Inflammatory Oxidative Stress Compounds Inhibit Insulin Secretion through Rapid Protein Carbonylation.

Pancreatic β-cells in pre-type 1 diabetes (T1D) experience stress due to islet inflammation, which accompanies early defects in insulin secretion that precede autoimmune destruction. One product of inflammatory stress is protein carbonylation (PC), brought on by reactive oxygen species (ROS) combining with lipids to produce reactive aldehydes such as 4-hydroxynonenal (4-HNE) that irreversibly modify Cys, His, and Lys sidechains. In this study, we used proteomics to measure patterns of PC in pancreatic islets from 10-week-old pre-diabetic NOD mice and in cultured insulin-secreting cells treated with either 4-HNE or pro-inflammatory cytokines. All three stress conditions increased carbonylation of proteins central to β-cell function including Rab GTPases and other proteins that are essential for vesicle trafficking. Gene ontology analysis indicates that the affected proteins and pathways in pre-diabetic NOD islets reflect a combination of those impacted by 4-HNE and cytokine treatment. Furthermore, both 4-HNE and cytokines significantly inhibited insulin secretion by ~50% in cultured MIN6 and INS-1-GRINCH cells. In particular, exposure to 4-HNE for as little as 5 minutes suppressed insulin secretion and increased the carbonylation of over 1000 proteins.
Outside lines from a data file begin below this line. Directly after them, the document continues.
definition forces_cofinitely ::
    "((nat \<Rightarrow> nat) \<Rightarrow> nat \<Rightarrow> nat) \<Rightarrow> nat \<Rightarrow> nat list \<Rightarrow> nat \<Rightarrow> nat \<Rightarrow> bool" where
  "forces_cofinitely F j \<sigma> d c \<longleftrightarrow>
     (\<forall>\<rho>. prefix \<sigma> \<rho> \<longrightarrow> set \<rho> \<subseteq> {..<j} \<longrightarrow> finite {n. F (extend \<rho> d) n \<noteq> c})"

lemma forces_cofinitely_mono:
  "forces_cofinitely F j \<sigma> d c \<Longrightarrow> prefix \<sigma> \<tau> \<Longrightarrow> forces_cofinitely F j \<tau> d c"
  unfolding forces_cofinitely_def using prefix_order.trans by blast

lemma forces_cofinitely_unique:
  assumes "forces_cofinitely F j \<sigma> d c1" "forces_cofinitely F j \<sigma> d c2" "set \<sigma> \<subseteq> {..<j}"
  shows "c1 = c2"
proof (rule ccontr)
  assume "c1 \<noteq> c2"
  then have "UNIV \<subseteq> {n. F (extend \<sigma> d) n \<noteq> c1} \<union> {n. F (extend \<sigma> d) n \<noteq> c2}"
    by auto
  moreover have "finite ({n. F (extend \<sigma> d) n \<noteq> c1} \<union> {n. F (extend \<sigma> d) n \<noteq> c2})"
    using assms unfolding forces_cofinitely_def by blast
  ultimately show False using finite_subset infinite_UNIV_nat by blast
qed

text \<open>Pigeonhole forcing lemma: since there are fewer padding colours than target
  colours, some \<open>\<sigma>\<close> and \<open>c < k\<close> are such that no extension of \<open>\<sigma>\<close> forces \<open>F\<close> to be
  cofinitely \<open>c\<close>, whatever the padding colour.\<close>
lemma unforceable_colour:
  fixes F :: "(nat \<Rightarrow> nat) \<Rightarrow> nat \<Rightarrow> nat"
  assumes "j < k"
  shows "\<exists>\<sigma> c. set \<sigma> \<subseteq> {..<j} \<and> c < k \<and>
           (\<forall>\<tau> d. prefix \<sigma> \<tau> \<longrightarrow> set \<tau> \<subseteq> {..<j} \<longrightarrow> d < j \<longrightarrow> \<not> forces_cofinitely F j \<tau> d c)"
proof (rule ccontr)
  assume "\<not> ?thesis"
  then have step: "\<exists>\<tau> d. prefix \<sigma> \<tau> \<and> set \<tau> \<subseteq> {..<j} \<and> d < j \<and> forces_cofinitely F j \<tau> d c"
    if "set \<sigma> \<subseteq> {..<j}" "c < k" for \<sigma> c
    using that by blast
  text \<open>Force the colours \<open>0, \<dots>, m - 1\<close> one after another.\<close>
  have "\<exists>\<sigma> ds. set \<sigma> \<subseteq> {..<j} \<and> (\<forall>i<m. ds i < j \<and> forces_cofinitely F j \<sigma> (ds i) i)"
    if "m \<le> k" for m
    using that
  proof (induction m)
    case (Suc m)
    then obtain \<sigma> ds where IH: "set \<sigma> \<subseteq> {..<j}" "\<forall>i<m. ds i < j \<and> forces_cofinitely F j \<sigma> (ds i) i"
      by auto
    obtain \<tau> d where \<tau>: "prefix \<sigma> \<tau>" "set \<tau> \<subseteq> {..<j}" "d < j" "forces_cofinitely F j \<tau> d m"
      using step[OF IH(1), of m] Suc.prems by auto
    have "\<forall>i<Suc m. (ds(m := d)) i < j \<and> forces_cofinitely F j \<tau> ((ds(m := d)) i) i"
      using IH(2) \<tau> forces_cofinitely_mono by (auto simp: less_Suc_eq)
    then show ?case using \<tau>(2) by blast
  qed (rule exI[of _ "[]"], simp)
  then obtain \<sigma> ds where \<sigma>: "set \<sigma> \<subseteq> {..<j}" "\<forall>i<k. ds i < j \<and> forces_cofinitely F j \<sigma> (ds i) i"
    by blast
  have "card (ds ` {..<k}) \<le> card {..<j}"
    using \<sigma>(2) by (intro card_mono) auto
  then have "\<not> inj_on ds {..<k}"
    using assms card_image by fastforce
  then obtain i1 i2 where "i1 < k" "i2 < k" "i1 \<noteq> i2" "ds i1 = ds i2"
    unfolding inj_on_def by auto
  then show False
    using \<sigma> forces_cofinitely_unique by metis
qed

section \<open>Instances and solutions of thin set problems\<close>

lemma extend_TS1_instance: "set \<rho> \<subseteq> {..<j} \<Longrightarrow> d < j \<Longrightarrow> fst (TS1 j) (extend \<rho> d)"
  by (simp add: TS1_def extend_bounded)

definition thin_solution :: "nat \<Rightarrow> (nat \<Rightarrow> nat) \<Rightarrow> nat \<Rightarrow> nat" where
  "thin_solution c f n = (case n of 0 \<Rightarrow> c | Suc m \<Rightarrow> if f m \<noteq> c then 1 else 0)"

lemma thin_solution_TS1:
  assumes "c < k" "infinite {n. f n \<noteq> c}"
  shows "snd (TS1 k) f (thin_solution c f)"
proof -
  have "{n. thin_solution c f (Suc n) = 1} = {n. f n \<noteq> c}"
    by (auto simp: thin_solution_def)
  then show ?thesis using assms by (auto simp: TS1_def thin_solution_def)
qed

lemma thin_solution_agree:
  assumes "\<forall>m<b. f m = f' m" "q < b"
  shows "thin_solution c f q = thin_solution c f' q"
  using assms by (cases q) (auto simp: thin_solution_def)

lemma join_agree:
  assumes "\<forall>q<b. A q = A' q" "\<forall>q<b. T q = T' q" "q < b"
  shows "join A T q = join A' T' q"
  using assms by (simp add: join_def)

text \<open>A colouring which is eventually \<open>d\<close> has no infinite thin set avoiding \<open>d\<close>.\<close>
lemma TS1_solution_colour_eventually:
  assumes "snd (TS1 j) (extend \<rho> d) T"
  shows "T 0 \<noteq> d"
proof
  assume "T 0 = d"
  then have "{n. T (Suc n) = 1} \<subseteq> {..<length \<rho>}"
    using assms by (auto simp: TS1_def extend_def split: if_splits)
  then show False
    using assms finite_subset by (auto simp: TS1_def)
qed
Overall, the observed PC pattern in pre-T1D islets is consistent with a model in which β-cells experience multiple sources of oxidative stress, including ROS generation within β-cells themselves and reactive compounds released by infiltrating immune cells. The latter exogenous source may represent a novel rapid mechanism for inhibiting insulin secretion.